What most people refer to as math isn't - it is arithmetic.
Want to know the difference?
A calculator does arithmetic, but it can't do math.
OK my age old example might be about to lose some of its obvious truth because advances in AI might well allow a computer do do math in the very near future. But for the moment let us just accept that being able to do arithmetic, to add up and multiply in ones head, might be a useful skill but it isn't math.
isn't the same as:
What is more an ability to do mental, or paper and pen arithmetic, doesn't mark one out to be a mathematician and not being able to do it doesn't rule out mathematical ability - or it shouldn't. In practice even mathematicians, and math teachers, who should know better often say "you can't do math so you can't be a mathematician" when what they really mean is "you can't do mental arithmetic so you can't be a mathematician". Put correctly it clearly becomes clear how silly the position is.
A common difficulty is that mathematicians often don't notice what they are saying and what damaging ideas they are espousing. The reason is that most mathematicians are selected by teachers who honestly believe that if you are good at arithmetic you should become a mathematician. It is almost as if students were selected for art school because they could spell and had nice clear handwriting - remember handwriting? Having been through the mill most mathematicians cannot conceive that a student who cannot do mental arithmetic could be a mathematician - it's the very stuff of math. Well no it isn't. Knowing how to do arithmetic and hence algebra is the very stuff of math, being able to actually do arithmetic is the very stuff of a pocket calculator.
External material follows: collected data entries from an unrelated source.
lemma lattices_contain_power: "\<exists>K. contains_power K"
proof -
  have "\<forall>p\<in>odd_S. \<exists>n. \<forall>w\<in>zp2 (int p). zp2_smult (int p) (zp_of_int (int p) (int p ^ n)) w \<in> L p"
    using zp_lattice_contains_power[OF lattice_at] by (intro ballI)
  from bchoice[OF this] obtain n where n: "\<forall>p\<in>odd_S.
      \<forall>w\<in>zp2 (int p). zp2_smult (int p) (zp_of_int (int p) (int p ^ n p)) w \<in> L p"
    by (elim exE)
  have "contains_power (\<Sum>q\<in>odd_S. n q)"
  proof (intro ballI)
    fix p w assume p: "p \<in> odd_S" and w: "w \<in> zp2 (int p)"
    have "n p \<le> (\<Sum>q\<in>odd_S. n q)" using finite_S p by (intro member_le_sum) auto
    then have "int p ^ n p dvd int p ^ (\<Sum>q\<in>odd_S. n q)" by (rule le_imp_power_dvd)
    then show "zp2_smult (int p) (zp_of_int (int p) (int p ^ (\<Sum>q\<in>odd_S. n q))) w \<in> L p"
      by (rule contains_power_multiple[OF hurwitz_splitting.p_gt_1[OF hurwitz_splitting_at[OF p]]
            bspec[OF n p] _ w])
  qed
  then show ?thesis ..
qed

definition lattice_ideal :: "quat set" where
  "lattice_ideal = {x \<in> hurwitz. \<forall>p\<in>odd_S. \<forall>u\<in>zp2 (int p). m2_vec (int p) (\<psi> p x) u \<in> L p}"

lemma lattice_ideal_subset: "lattice_ideal \<subseteq> hurwitz"
  unfolding lattice_ideal_def by blast

lemma lattice_ideal_diff:
  assumes x: "x \<in> lattice_ideal" and y: "y \<in> lattice_ideal"
  shows "qsub x y \<in> lattice_ideal"
proof -
  have "m2_vec (int p) (\<psi> p (qsub x y)) u \<in> L p" if p: "p \<in> odd_S" and u: "u \<in> zp2 (int p)" for p u
  proof -
    interpret hurwitz_splitting "int p" "\<psi> p" by (rule hurwitz_splitting_at[OF p])
    show ?thesis
      using x y p u lattice_at[OF p] zp_of_int_closed[OF p_gt_1]
      by (auto simp: lattice_ideal_def psi_qsub intro!: zp_lattice_add zp_lattice_smult)
  qed
  then show ?thesis using x y hurwitz_qsub unfolding lattice_ideal_def by auto
qed

lemma lattice_ideal_mult:
  assumes x: "x \<in> lattice_ideal" and r: "r \<in> hurwitz"
  shows "qmul x r \<in> lattice_ideal"
proof -
  have "m2_vec (int p) (\<psi> p (qmul x r)) u \<in> L p" if p: "p \<in> odd_S" and u: "u \<in> zp2 (int p)" for p u
  proof -
    interpret hurwitz_splitting "int p" "\<psi> p" by (rule hurwitz_splitting_at[OF p])
    show ?thesis
      using x p psi_vec_closed[OF r u] by (auto simp: lattice_ideal_def psi_qmul[OF _ r])
  qed
  then show ?thesis using x r hurwitz_qmul unfolding lattice_ideal_def by auto
qed

lemma lattice_ideal_smult:
  assumes K: "contains_power K" and y: "y \<in> hurwitz"
    and a: "\<And>q. q \<in> odd_S \<Longrightarrow> int q ^ K dvd a \<or> (\<forall>u\<in>zp2 (int q). m2_vec (int q) (\<psi> q y) u \<in> L q)"
  shows "qsmult (of_int a) y \<in> lattice_ideal"
proof -
  have "m2_vec (int q) (\<psi> q (qsmult (of_int a) y)) u \<in> L q"
    if q: "q \<in> odd_S" and u: "u \<in> zp2 (int q)" for q u
  proof -
    interpret hurwitz_splitting "int q" "\<psi> q" by (rule hurwitz_splitting_at[OF q])
    from a[OF q] show ?thesis
      unfolding psi_qsmult[OF y u]
    proof
      assume "int q ^ K dvd a"
      then show "zp2_smult (int q) (zp_of_int (int q) a) (m2_vec (int q) (\<psi> q y) u) \<in> L q"
        by (rule contains_power_multiple[OF p_gt_1 bspec[OF K q] _ psi_vec_closed[OF y u]])
    next
      assume "\<forall>u\<in>zp2 (int q). m2_vec (int q) (\<psi> q y) u \<in> L q"
      then show "zp2_smult (int q) (zp_of_int (int q) a) (m2_vec (int q) (\<psi> q y) u) \<in> L q"
        using zp_lattice_smult[OF lattice_at[OF q] zp_of_int_closed[OF p_gt_1]] u by blast
    qed
  qed
  then show ?thesis using hurwitz_qsmult[OF y] unfolding lattice_ideal_def by blast
qed
lemma adapted_frame:
  assumes angles: "(\<lambda>g. snd (snd g)) ` L = {of_int k * lambda_of L | k. True}"
    and d: "d \<in> L" "snd (snd d) = lambda_of L"
    and M: "(m11, m12, m21, m22) \<in> allowed_mats"
    and e1: "exp (\<i> * of_real (lambda_of L)) * a = of_int m11 * a + of_int m21 * b"
    and e2: "exp (\<i> * of_real (lambda_of L)) * b = of_int m12 * a + of_int m22 * b"
  shows "adapted L \<alpha> \<beta> \<gamma> d"
proof -
  have "osc_gen {\<alpha>, \<beta>, \<gamma>, d} = L"
    using osc_gen_angle_generator[OF subgroup osc_gen_frame angles d] by (simp add: insert_commute)
  moreover have "induced_matrix L \<alpha> \<beta> d (m11, m12, m21, m22)"
    using induced_matrix_frame[OF d(1)] d(2) e1 e2 by simp
  moreover have "\<gamma> \<in> osc_center (L \<inter> Hset)"
    using gamma_mem by (intro central_in_osc_center) (simp add: Hset_def)
  ultimately show ?thesis unfolding adapted_def
    using d(2) osc_gen_frame comm_alpha_beta r_of_eq M wedge_ab by (auto simp: wedge_def)
qed

end

subsection \<open>The admissible values of \<open>\<lambda>\<close>\<close>

lemma lambda_set_sixths: "x \<in> lambda_set \<longleftrightarrow>
   (\<exists>m::int. x = pi * of_int m / 6 \<and> ((m > 0 \<and> 6 dvd m) \<or> m mod 12 \<in> {2,3,4}))"
proof
  assume "x \<in> lambda_set"
  then consider (a) n :: nat where "n > 0" "x = pi * real n"
    | (b) l0 k where "l0 \<in> {pi/3, pi/2, 2*pi/3}" "x = l0 + 2 * pi * of_int k"
    unfolding lambda_set_def by blast
  thus "\<exists>m::int. x = pi * of_int m / 6 \<and> ((m > 0 \<and> 6 dvd m) \<or> m mod 12 \<in> {2,3,4})"
  proof cases
    case a thus ?thesis by (intro exI[of _ "6 * int n"]) auto
  next
    case b
    have "\<exists>j\<in>{2,3,4::int}. l0 = pi * of_int j / 6" using b(1) by auto
    then obtain j :: int where j: "j \<in> {2,3,4}" "l0 = pi * of_int j / 6" by blast
    have "x = pi * of_int (j + 12 * k) / 6" using b(2) j(2) by (simp add: field_simps)
    moreover have "(j + 12 * k) mod 12 = j" using j(1) by auto
    ultimately show ?thesis using j(1) by (intro exI[of _ "j + 12 * k"]) simp
  qed
next
  assume "\<exists>m::int. x = pi * of_int m / 6 \<and> ((m > 0 \<and> 6 dvd m) \<or> m mod 12 \<in> {2,3,4})"
  then obtain m :: int where x: "x = pi * of_int m / 6"
    and m: "(m > 0 \<and> 6 dvd m) \<or> m mod 12 \<in> {2,3,4}" by blast
  show "x \<in> lambda_set"
  proof (cases "m > 0 \<and> 6 dvd m")
    case True
    then obtain i where "m = 6 * i" "i > 0" by (auto elim: dvdE)
    hence "x = pi * real (nat i)" "nat i > 0" using x by simp_all
    thus ?thesis unfolding lambda_set_def by blast
  next
    case False
    hence j: "m mod 12 \<in> {2,3,4}" using m by auto
    have "real_of_int m = of_int (m mod 12) + 12 * of_int (m div 12)"
      by (metis mod_mult_div_eq of_int_add of_int_mult of_int_numeral)
    hence x12: "x = pi * of_int (m mod 12) / 6 + 2 * pi * of_int (m div 12)"
      unfolding x by (simp add: field_simps)
    have "pi * of_int (m mod 12) / 6 \<in> {pi/3, pi/2, 2*pi/3}" using j by auto
    thus ?thesis unfolding lambda_set_def x12 by blast
  qed
qed

lemma lambda_set_nonzero: "x \<in> lambda_set \<Longrightarrow> x \<noteq> 0"
  unfolding lambda_set_sixths by auto

lemma lambda_set_uminus: "x \<in> lambda_set \<Longrightarrow> - x \<notin> lambda_set"
proof
  assume "x \<in> lambda_set" "- x \<in> lambda_set"
  then obtain m m' :: int where x: "x = pi * of_int m / 6" "(m > 0 \<and> 6 dvd m) \<or> m mod 12 \<in> {2,3,4}"
    and x': "- x = pi * of_int m' / 6" "(m' > 0 \<and> 6 dvd m') \<or> m' mod 12 \<in> {2,3,4}"
    unfolding lambda_set_sixths by blast
  have "pi * of_int (- m) = pi * of_int m'" using x x' by simp
  hence "m' = - m" by (simp only: mult_cancel_left of_int_eq_iff) auto
  moreover have "(- m) mod 12 \<notin> {2,3,4}" if "6 dvd m"
    using that by auto presburger+
  moreover have "\<not> 6 dvd m \<and> (- m) mod 12 \<notin> {2,3,4}" if "m mod 12 \<in> {2,3,4}"
    using that by auto presburger+
  ultimately show False using x(2) x'(2) by auto
qed

lemma lambda_set_generator_unique:
  assumes l: "l \<in> lambda_set" and l': "l' \<in> lambda_set"
    and eq: "{of_int k * l | k. True} = {of_int k * l' | k::int. True}"
  shows "l = l'"
proof -
  obtain j :: int where j: "l = of_int j * l'" using eq[symmetric] by (force intro: exI[of _ 1])
  obtain k :: int where k: "l' = of_int k * l" using eq by (force intro: exI[of _ 1])
  have "l * 1 = l * of_int (j * k)" using j k by (simp add: algebra_simps)
  hence "j * k = 1" using lambda_set_nonzero[OF l] by (metis mult_cancel_left of_int_eq_1_iff)
  hence "j = 1 \<or> j = -1" by (auto simp: zmult_eq_1_iff)
  moreover have "j \<noteq> -1" using j lambda_set_uminus[OF l'] l by auto
  ultimately show ?thesis using j by simp
qed

lemma lambda_of_eqI:
  assumes "lam \<in> lambda_set" and "(\<lambda>g. snd (snd g)) ` L = {of_int k * lam | k. True}"
  shows "lambda_of L = lam"
  unfolding lambda_of_def
  using assms lambda_set_generator_unique by (intro the_equality) auto

lemma multiple_of_2pi_sixth_iff:
  "(\<exists>k::int. real q * (pi * of_int m / 6) = 2 * pi * of_int k) \<longleftrightarrow> (12::int) dvd (int q * m)"
proof
  assume "\<exists>k::int. real q * (pi * of_int m / 6) = 2 * pi * of_int k"
  then obtain k :: int where "real q * (pi * of_int m / 6) = 2 * pi * of_int k" by blast
  hence "pi * (of_int (int q * m)) = pi * of_int (12 * k)" by (simp add: field_simps)
  hence "int q * m = 12 * k" by (simp only: mult_cancel_left of_int_eq_iff) simp
  thus "(12::int) dvd (int q * m)" by simp
next
  assume "(12::int) dvd (int q * m)"
  then obtain k where k: "int q * m = 12 * k" by (auto elim: dvdE)
  have "real q * (pi * of_int m / 6) = pi * of_int (int q * m) / 6" by simp
  also have "\<dots> = 2 * pi * of_int k" unfolding k by simp
  finally show "\<exists>k::int. real q * (pi * of_int m / 6) = 2 * pi * of_int k" by blast
qed

lemma ord_lam_sixth_dvd: "(12::int) dvd (int (ord_lam (pi * of_int m / 6)) * m)"
proof -
  have "1 \<le> (12::nat) \<and> (\<exists>k::int. real 12 * (pi * of_int m / 6) = 2 * pi * of_int k)"
    by (simp only: multiple_of_2pi_sixth_iff) simp
  hence "\<exists>k::int. real (ord_lam (pi * of_int m / 6)) * (pi * of_int m / 6) = 2 * pi * of_int k"
    unfolding ord_lam_def by (rule LeastI2_ex[OF exI]) simp
  thus ?thesis by (simp only: multiple_of_2pi_sixth_iff)
qed

lemma ord_lam_sixth_le:
  assumes "6 dvd m"
  shows "ord_lam (pi * of_int m / 6) \<le> 2"
proof -
  obtain i where "m = 6 * i" using assms by (auto elim: dvdE)
  hence "1 \<le> (2::nat) \<and> (\<exists>k::int. real 2 * (pi * of_int m / 6) = 2 * pi * of_int k)"
    by (simp only: multiple_of_2pi_sixth_iff) simp
  thus ?thesis unfolding ord_lam_def by (rule Least_le)
qed

lemma exp_i_times: "exp (\<i> * of_real y) = Complex (cos y) (sin y)"
  by (simp add: cis_conv_exp[symmetric] complex_eq_iff)

lemma exp_i_pi_sixth_mod:
  "exp (\<i> * of_real (pi * of_int m / 6)) = exp (\<i> * of_real (pi * of_int (m mod 12) / 6))"
proof -
  have "real_of_int m = of_int (m mod 12) + 12 * of_int (m div 12)"
    by (metis mod_mult_div_eq of_int_add of_int_mult of_int_numeral)
  hence "pi * of_int m / 6 = pi * of_int (m mod 12) / 6 + 2 * pi * of_int (m div 12)"
    by (simp add: field_simps)
  moreover have "exp (\<i> * of_real (x + 2 * pi * of_int k)) = exp (\<i> * of_real x)" for x k
  proof -
    have "\<i> * of_real (x + 2 * pi * of_int k) = \<i> * of_real x + \<i> * (of_int k * (of_real pi * 2))"
      by (simp add: algebra_simps)
    thus ?thesis by simp
  qed
  ultimately show ?thesis by (simp only:)
qed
An almost bigger problem is that the general public may well be exposed to arithmetic but they encounter almost zero real mathematics. If they have been lucky enough to encounter something that is real math then the chances are they fail to see any connection with the real world and how it might help them.
Using calculus to find the maximum of a function is all well and good but how many people have a function they desperately want to maximize?
Now enters programming.
Years ago I was lucky, or unlucky, enough to teach the introductory course on general topics in computing to the new intake of Computer Science students - yes I drew the short straw. This was supposed to be a diet of computers in society, art and history but this was the up-swing of the home computer revolution and all they wanted to talk about was how to program different things, mostly relating to games.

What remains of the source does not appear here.